Ooooooo, there is one Council in particular for whom that will be a significant risk. We’ve been dealing with an oppressive and bullying culture now for almost 9 months. Bit by bit the Council throws significant money at treating the unacceptable personal behaviour but also requires employees working under that person to be part of the treatment. Employees have been provided with training and workshops to learn communication skills and assertiveness sufficient to remind the bloke when he is distressing them or employees are in tears in front of him, it’s not appropriate. We can think of a better strategy.

We will be putting in a submission to OLG on the Draft Model Code before the closure date. Obviously we are interested in things like the protection in 5.5 that “the political views of a Councillor do not constitute a private interest for the purposes of clause 5.2” but for staff, the current provision at 7.4 (e) requires staff to “ensure that any participation in political activities outside the service of the Council does not conflict with the performance of their official duties” is intended to continue.

A better protection for the councillors by the look of it, and more restrictions on staff.

And look out for this...

Members need to be aware of the current provision in the Code of Conduct known as the Wollongong provision when it was introduced. It’s found at the section titled “Inappropriate interactions” and prevents at 7.5(i)“Council staff meeting with applicants or objectors alone AND outside office hours to discuss applications or proposals.”
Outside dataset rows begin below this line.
theorem mainTheorem3:
  fixes \<mu> :: "'a::euclidean_space measure" and \<mu>s :: "nat \<Rightarrow> 'a measure"
  assumes "DIM('a) \<ge> 3"
    and "sets \<mu> = sets borel"
    and "\<And>n. sets (\<mu>s n) = sets borel"
    and "sigma_finite_measure \<mu>"
    and "\<And>n. sigma_finite_measure (\<mu>s n)"
    and "\<And>x. liminf (\<lambda>n. green_potential (\<mu>s n) x) \<ge> green_potential \<mu> x"
  shows "liminf (\<lambda>n. emeasure (\<mu>s n) UNIV) \<ge> emeasure \<mu> UNIV"
proof -
  let ?U = "unit_ball_potential :: 'a \<Rightarrow> ennreal" and ?L = "liminf (\<lambda>n. emeasure (\<mu>s n) UNIV)"
  have shrink: "(\<lambda>N. (1 / real (Suc N)) *\<^sub>R y) \<longlonglongrightarrow> 0" for y :: 'a
    using tendsto_scaleR[OF LIMSEQ_Suc[OF lim_1_over_n] tendsto_const, of y] by simp
  have "?U 0 * emeasure \<mu> UNIV = (\<integral>\<^sup>+y. ?U 0 \<partial>\<mu>)"
    using sets_eq_imp_space_eq[OF assms(2)] by simp
  also have "\<dots> \<le> (\<integral>\<^sup>+y. liminf (\<lambda>N. ?U ((1 / real (Suc N)) *\<^sub>R y)) \<partial>\<mu>)"
    by (intro nn_integral_mono unit_ball_potential_0_le_liminf shrink)
  also have "\<dots> \<le> liminf (\<lambda>N. \<integral>\<^sup>+y. ?U ((1 / real (Suc N)) *\<^sub>R y) \<partial>\<mu>)"
    by (rule nn_integral_liminf) (simp add: measurable_cong_sets[OF assms(2) refl])
  also have "\<dots> \<le> ?U 0 * ?L"
    by (intro Liminf_le always_eventually allI nn_integral_unit_ball_potential_le_liminf[OF assms]) simp_all
  finally show ?thesis
    using unit_ball_potential_0_pos[OF assms(1)] unit_ball_potential_0_finite[OF assms(1)]
    by (simp add: ennreal_mult_le_mult_iff)
qed

end
(* Let $S$ be a set of bilabelled graphs such that for every $(K,\mathbf{a},\mathbf{b})\in S$ every vertex of $K$ occurs among the entries of $\mathbf{a}$ or $\mathbf{b}$. Let $\langle \mathbf{P}_{\mathrm{gt}},S\rangle$ denote the graph category generated by $S\cup\{\mathbf{P}_{\mathrm{gt}}\}$. Then $\langle \mathbf{P}_{\mathrm{gt}},S\rangle$ is a group-theoretical graph category. Consequently, $\langle \mathbf{P}_{\mathrm{gt}},S\rangle$ equals the group-theoretical graph category generated by $S$ (the smallest group-theoretical graph category containing $S$).
   Context: Graphs are finite, undirected, without multiple edges, loops allowed, considered up to isomorphism; $N_k$ is the edgeless graph on $k$ vertices. Bilabelled graph: $(K,\mathbf{a},\mathbf{b})$ with $K$ a graph, $\mathbf{a}\in V(K)^k$ (inputs), $\mathbf{b}\in V(K)^l$ (outputs), up to isomorphism of $K$ preserving the tuples. Operations: tensor product $(K,\mathbf{a},\mathbf{b})\otimes(H,\mathbf{c},\mathbf{d})=(K\sqcup H,\mathbf{a}\mathbf{c},\mathbf{b}\mathbf{d})$; composition (for $|\mathbf{b}|=|\mathbf{c}|$) $(H,\mathbf{c},\mathbf{d})\cdot(K,\mathbf{a},\mathbf{b})=(H\cdot K,\mathbf{a},\mathbf{d})$ where $H\cdot K$ is obtained from $K\sqcup H$ by identifying $b_i$ with $c_i$ for all $i$ (ignoring edge multiplicities); involution $(K,\mathbf{a},\mathbf{b})^*=(K,\mathbf{b},\mathbf{a})$. For a partition $\pi$ of $V(K)$, $K/\pi$ has the blocks as vertices with an edge between two (possibly equal) blocks iff $K$ has an edge between some of their elements, $q_\pi$ the quotient map, and $(K,\mathbf{a},\mathbf{b})/\pi:=(K/\pi,q_\pi(\mathbf{a}),q_\pi(\mathbf{b}))$. Let $\mathbf{0}=(N_0,\emptyset,\emptyset)$ and $\mathbf{M}^{k,l}=(M,(v,\dots,v),(v,\dots,v))$ for the one-vertex loopless graph $M$ with vertex $v$ ($k$ inputs, $l$ outputs). A graph category is a set of bilabelled graphs containing $\mathbf{M}^{1,1},\mathbf{M}^{0,2},\mathbf{0}$ and closed under tensor products, compositions and involution; it is group-theoretical if it is also closed under all quotients $\mathbf{K}\mapsto\mathbf{K}/\pi$. $\mathbf{P}_{\mathrm{gt}}$ denotes the bilabelled graph $(N_2,(x,y,y),(y,y,x))$, where $N_2$ has the two vertices $x,y$ and no edges. *)

theory Defs
  imports Main
begin

text \<open>Vertices are natural numbers; an edge is a
nonempty set of at most two vertices (a singleton is a loop). Bilabelled
graphs are considered up to isomorphism: all notions below are formulated for
iso-closed sets of concrete representatives.\<close>

record blg =
  verts :: "nat set"
  edges :: "nat set set"
  inp :: "nat list"
  outp :: "nat list"

definition wf_blg :: "blg \<Rightarrow> bool" where
  "wf_blg K \<longleftrightarrow> finite (verts K)
     \<and> (\<forall>e\<in>edges K. e \<subseteq> verts K \<and> (card e = 1 \<or> card e = 2))
     \<and> set (inp K) \<subseteq> verts K \<and> set (outp K) \<subseteq> verts K"

definition blg_iso :: "blg \<Rightarrow> blg \<Rightarrow> bool" where
  "blg_iso K H \<longleftrightarrow> (\<exists>f. bij_betw f (verts K) (verts H)
     \<and> edges H = (\<lambda>e. f ` e) ` edges K
     \<and> inp H = map f (inp K) \<and> outp H = map f (outp K))"

text \<open>Disjoint union: first graph on even, second on odd numbers.\<close>
definition sh0 :: "nat \<Rightarrow> nat" where "sh0 v = 2 * v"
definition sh1 :: "nat \<Rightarrow> nat" where "sh1 v = 2 * v + 1"

definition tensor :: "blg \<Rightarrow> blg \<Rightarrow> blg" where
  "tensor K H = \<lparr> verts = sh0 ` verts K \<union> sh1 ` verts H,
     edges = (\<lambda>e. sh0 ` e) ` edges K \<union> (\<lambda>e. sh1 ` e) ` edges H,
     inp = map sh0 (inp K) @ map sh1 (inp H),
     outp = map sh0 (outp K) @ map sh1 (outp H) \<rparr>"

definition involution :: "blg \<Rightarrow> blg" where
  "involution K = K\<lparr> inp := outp K, outp := inp K \<rparr>"
lemma filter_le_by_ultra:
  assumes "\<And>U. ultra U \<Longrightarrow> U \<le> F \<Longrightarrow> U \<le> G"
  shows "F \<le> G"
  unfolding le_filter_def
proof (intro allI impI)
  fix P assume PG: "eventually P G"
  show "eventually P F"
  proof (rule ccontr)
    assume nP: "\<not> eventually P F"
    let ?H = "inf F (principal {x. \<not> P x})"
    have "?H \<noteq> bot"
      using nP inf_principal_not_bot[of "\<lambda>x. \<not> P x"] by simp
    then obtain U where U: "ultra U" "U \<le> ?H"
      using ultra_exists_le by blast
    then have "eventually P U"
      using assms PG by (meson filter_leD le_inf_iff)
    moreover have "eventually (\<lambda>x. \<not> P x) U"
      using U(2) unfolding le_filter_def eventually_inf_principal by auto
    ultimately have "eventually (\<lambda>x. False) U"
      by (auto elim: eventually_elim2)
    then show False using ultra_not_bot[OF U(1)] by simp
  qed
qed

lemma ultra_filtermap_lift:
  assumes V: "ultra V" "V \<le> filtermap f F"
  shows "\<exists>W. ultra W \<and> W \<le> F \<and> filtermap f W = V"
proof -
  let ?H = "inf F (filtercomap f V)"
  have "?H \<noteq> bot"
  proof
    assume "?H = bot"
    then have "eventually (\<lambda>x. False) ?H" by simp
    then obtain P Q where P: "eventually P F" and Q: "eventually Q (filtercomap f V)"
      and PQ: "\<forall>x. P x \<longrightarrow> Q x \<longrightarrow> False"
      unfolding eventually_inf by blast
    from Q obtain Q' where Q': "eventually Q' V" "\<forall>x. Q' (f x) \<longrightarrow> Q x"
      unfolding eventually_filtercomap by blast
    have "eventually (\<lambda>y. \<exists>x. P x \<and> y = f x) (filtermap f F)"
      unfolding eventually_filtermap using P by (auto elim: eventually_mono)
    then have "eventually (\<lambda>y. \<exists>x. P x \<and> y = f x) V" using V(2) unfolding le_filter_def by blast
    with Q'(1) have "eventually (\<lambda>y. False) V"
      by eventually_elim (use PQ Q'(2) in blast)
    then show False using V(1) unfolding ultra_def by simp
  qed
  then obtain W where W: "ultra W" "W \<le> ?H" using ultra_exists_le by blast
  have "filtermap f W \<le> V"
    using W(2) by (meson filtermap_filtercomap filtermap_mono inf.boundedE order_trans)
  moreover have "filtermap f W \<noteq> bot" using W(1) unfolding ultra_def filtermap_bot_iff by simp
  ultimately have "filtermap f W = V" using V(1) unfolding ultra_def by blast
  moreover have "W \<le> F" using W(2) by (meson inf.boundedE)
  ultimately show ?thesis using W(1) by blast
qed

lemma pfilter_not_bot: "pfilter X F \<Longrightarrow> F \<noteq> bot"
  unfolding pfilter_def by simp

lemma pfilter_eventually_mem: "pfilter X F \<Longrightarrow> eventually (\<lambda>x. x \<in> X) F"
  unfolding pfilter_def le_principal by simp

lemma pfilter_mono: "pfilter X F \<Longrightarrow> F' \<le> F \<Longrightarrow> F' \<noteq> bot \<Longrightarrow> pfilter X F'"
  unfolding pfilter_def by (meson order_trans)

lemma pfilter_filtermap: "pfilter X F \<Longrightarrow> f ` X \<subseteq> Y \<Longrightarrow> pfilter Y (filtermap f F)"
  unfolding pfilter_def filtermap_bot_iff le_principal eventually_filtermap
  by (auto elim!: eventually_mono)

lemma convergence_spaceI:
  assumes "\<And>F x. conv S F x \<Longrightarrow> pfilter (carrier S) F \<and> x \<in> carrier S"
    and "\<And>F F' x. conv S F x \<Longrightarrow> pfilter (carrier S) F' \<Longrightarrow> F' \<le> F \<Longrightarrow> conv S F' x"
    and "\<And>x. x \<in> carrier S \<Longrightarrow> conv S (principal {x}) x"
  shows "convergence_space S"
  unfolding convergence_space_def using assms by blast

context
  fixes S :: "'a cspace"
  assumes S: "convergence_space S"
begin

lemma conv_pfilter: "conv S F x \<Longrightarrow> pfilter (carrier S) F"
  using S unfolding convergence_space_def by blast

lemma conv_in_carrier: "conv S F x \<Longrightarrow> x \<in> carrier S"
  using S unfolding convergence_space_def by blast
This was entirely appropriate when it went into the Model Code because the ICAC had revealed Council staff working away from the office and outside hours. Everyone assumed it prevented Council staff not meeting with developers outside hours and off the premises.

But we are aware of at least one Council which has taken the view that this, in its broadest interpretation, prevents employees of the Council when they are not working (that is, out of hours or on weekends) giving advice or assistance to friends and family in any dealing with the Council.
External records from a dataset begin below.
theorem claim2p5:
  fixes V :: "'a set" and A :: "('a \<times> 'a) set"
  assumes "oriented V A"
    and "card V \<ge> 2"
    and "strong_induced A V"
    and "\<forall>x\<in>V. transitive_tournament A (outnbhd A x)"
  shows "(\<forall>H. maximal_hub V A H \<longrightarrow> H \<noteq> {})
     \<and> (\<forall>H1 H2. maximal_hub V A H1 \<and> maximal_hub V A H2 \<and> H1 \<noteq> H2 \<longrightarrow> H1 \<inter> H2 = {})
     \<and> \<Union>{H. maximal_hub V A H} = V
     \<and> (\<forall>H1 H2. maximal_hub V A H1 \<and> maximal_hub V A H2 \<and> H1 \<noteq> H2 \<longrightarrow>
          (let P1 = (arcs_between A H1 H2 = {});
               P2 = (\<exists>S. S \<noteq> {} \<and> S \<subseteq> H2 \<and> transitive_tournament A S \<and>
                         arcs_between A H1 H2 = H1 \<times> S);
               P3 = (\<exists>S. S \<noteq> {} \<and> S \<subseteq> H1 \<and> transitive_tournament A S \<and>
                         arcs_between A H1 H2 = H2 \<times> S)
           in (P1 \<or> P2 \<or> P3) \<and> \<not> (P1 \<and> P2) \<and> \<not> (P1 \<and> P3) \<and> \<not> (P2 \<and> P3)))"
proof -
  interpret out_transitive_oriented V A
    using assms(1,4) by unfold_locales auto
  have "digraph V A"
    using assms(1) unfolding oriented_def by simp
  then show ?thesis
    using maximal_hubs_cover[OF _ assms(2,3)] maximal_hub_nonempty maximal_hubs_disjoint
      maximal_hubs_arc_pattern
    by blast
qed

end
lemma pg_line_in_spread: "(L :: ('a^6) set) \<in> pg_lines \<Longrightarrow> \<exists>j<121. \<exists>i<91. L = spread_line j i"
proof -
  assume L: "L \<in> pg_lines"
  obtain u v where uv: "u \<noteq> 0" "v \<noteq> 0" "point_index u \<noteq> point_index v" "L = vec.span {u, v}"
    using pg_line_two_points[OF L] by metis
  define x where "x = point_index u"
  have x: "x < 364"
    using point_index_lt[OF uv(1)] by (simp add: x_def)
  obtain j where j: "j < 121" "point_index v \<in> block_through j x"
    using point_uniquely_joined[OF x] point_index_lt[OF uv(2)] uv(3)
    unfolding uniquely_joined_def x_def by metis
  define i where "i = line_index j x"
  have i: "i < 91"
    using x by (simp add: i_def line_index_lt)
  have "u \<in> spread_line j i" "v \<in> spread_line j i"
    using mem_spread_line_iff[OF i] uv mem_block_through[OF x] j(2)
    unfolding block_through_def i_def x_def by auto
  then have "L \<subseteq> spread_line j i"
    unfolding uv(4) spread_line_def by (intro vec.span_minimal) (auto simp: vec.subspace_span)
  then show "\<exists>j<121. \<exists>i<91. L = spread_line j i"
    using j(1) i pg_lines_subset_imp_eq[OF L spread_line_in_pg_lines[OF i]] by blast
qed

lemma is_parallelism_parallelism: "is_parallelism parallelism"
  unfolding is_parallelism_def
proof (intro conjI ballI)
  fix L :: "('a^6) set"
  assume "L \<in> pg_lines"
  then obtain j i where ji: "j < 121" "i < 91" "L = spread_line j i"
    using pg_line_in_spread by blast
  show "\<exists>!S. S \<in> parallelism \<and> L \<in> S"
  proof (rule ex1I)
    show "spread j \<in> parallelism \<and> L \<in> spread j"
      using ji by (simp add: parallelism_def spread_def)
  next
    fix S :: "('a^6) set set"
    assume "S \<in> parallelism \<and> L \<in> S"
    then obtain k i' where "k < 121" "i' < 91" "S = spread k" "L = spread_line k i'"
      by (auto simp: parallelism_def spread_def)
    then show "S = spread j"
      using spread_line_unique_spread ji by metis
  qed
qed (auto simp: parallelism_def spread_is_spread)
(* For q a power of p, the cofactor of Y in X^(q+1) - 1 modulo p (X_power_succ_factorization below). *)

definition succ_cofactor :: "nat \<Rightarrow> int poly" where
  "succ_cofactor q = Y ^ q - Y ^ (q - 1) - 1"

lemma succ_cofactor_eq: "q > 0 \<Longrightarrow> succ_cofactor q = Y ^ (q - 1) * X - 1"
  unfolding succ_cofactor_def Y_eq_X_plus_one
  by (cases q) (simp_all add: algebra_simps)

lemma monic_succ_cofactor:
  assumes "q > 0"
  shows "degree (succ_cofactor q) = q" and "monic (succ_cofactor q)"
proof -
  have eq: "succ_cofactor q = - (Y ^ (q - 1) + 1) + Y ^ q" unfolding succ_cofactor_def by simp
  have "degree (Y ^ (q - 1) + 1) \<le> q - 1"
    by (intro degree_add_le) (simp_all add: degree_linear_power')
  then have less: "degree (- (Y ^ (q - 1) + 1)) < degree (Y ^ q)"
    unfolding degree_minus degree_linear_power' using assms by linarith
  show "degree (succ_cofactor q) = q"
    unfolding eq degree_add_eq_right[OF less] by (rule degree_linear_power')
  show "monic (succ_cofactor q)"
    unfolding eq lead_coeff_add_le[OF less] by (simp add: monic_power)
qed

context poly_mod_2
begin

lemma Y_power_eq_m_X_power_iff: "Y ^ e =m X ^ c \<longleftrightarrow> e = 0 \<and> c = 0"
proof
  assume eq: "Y ^ e =m X ^ c"
  have "M (coeff (Y ^ e) i) = M (coeff (X ^ c) i)" for i using eq by (metis Mp_coeff)
  from this[of 0] have "c = 0" using m1 by (auto simp: coeff_0_power M_def power_0_left split: if_splits)
  moreover from this eq have "M (coeff (Y ^ e) e) = M (coeff 1 e)" by (metis Mp_coeff power_0)
  moreover have "coeff (Y ^ e) e = 1"
    using monic_power[of Y e] degree_linear_power'[of "1::int" e] by simp
  ultimately show "e = 0 \<and> c = 0"
    using m1 by (auto simp: coeff_1 M_def split: if_splits)
qed simp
And when we checked this interpretation with the Office of Local Government, they agreed that in a broad sense that kind of activity could be affected. WTF?

Beware of this risk. Everyone needs to check whether their Council reads this provision as broadly as this before you help your Mum get an application together.

We will deal with the unreasonably broad interpretation of this provision in our submission.

Is that the time?

Almost December, can that be right? As extraordinary as it might sound, 2017 has seen what can only be described as an outbreak of pretty good behaviour by HR. Maybe the mergers preoccupied people with developing PDs, recognising protections of staff while consolidating practices as best they can, or something’s gone in the drinking water, or my presentation as part of a panel at the LGNSW HR conference the end of 2016 was so beguiling, instructive and compelling that those HR people present were transformed and started to look after the interests and welfare of employees, instead of just seeing them as targets, or possible cost savings.

But something has happened - to the extent that sometimes we wonder what we’ll do in December when we need to announce our prestigious, authoritative and highly-anticipated Worst HR In Local Government Award - more popularly known as the Golden Turd.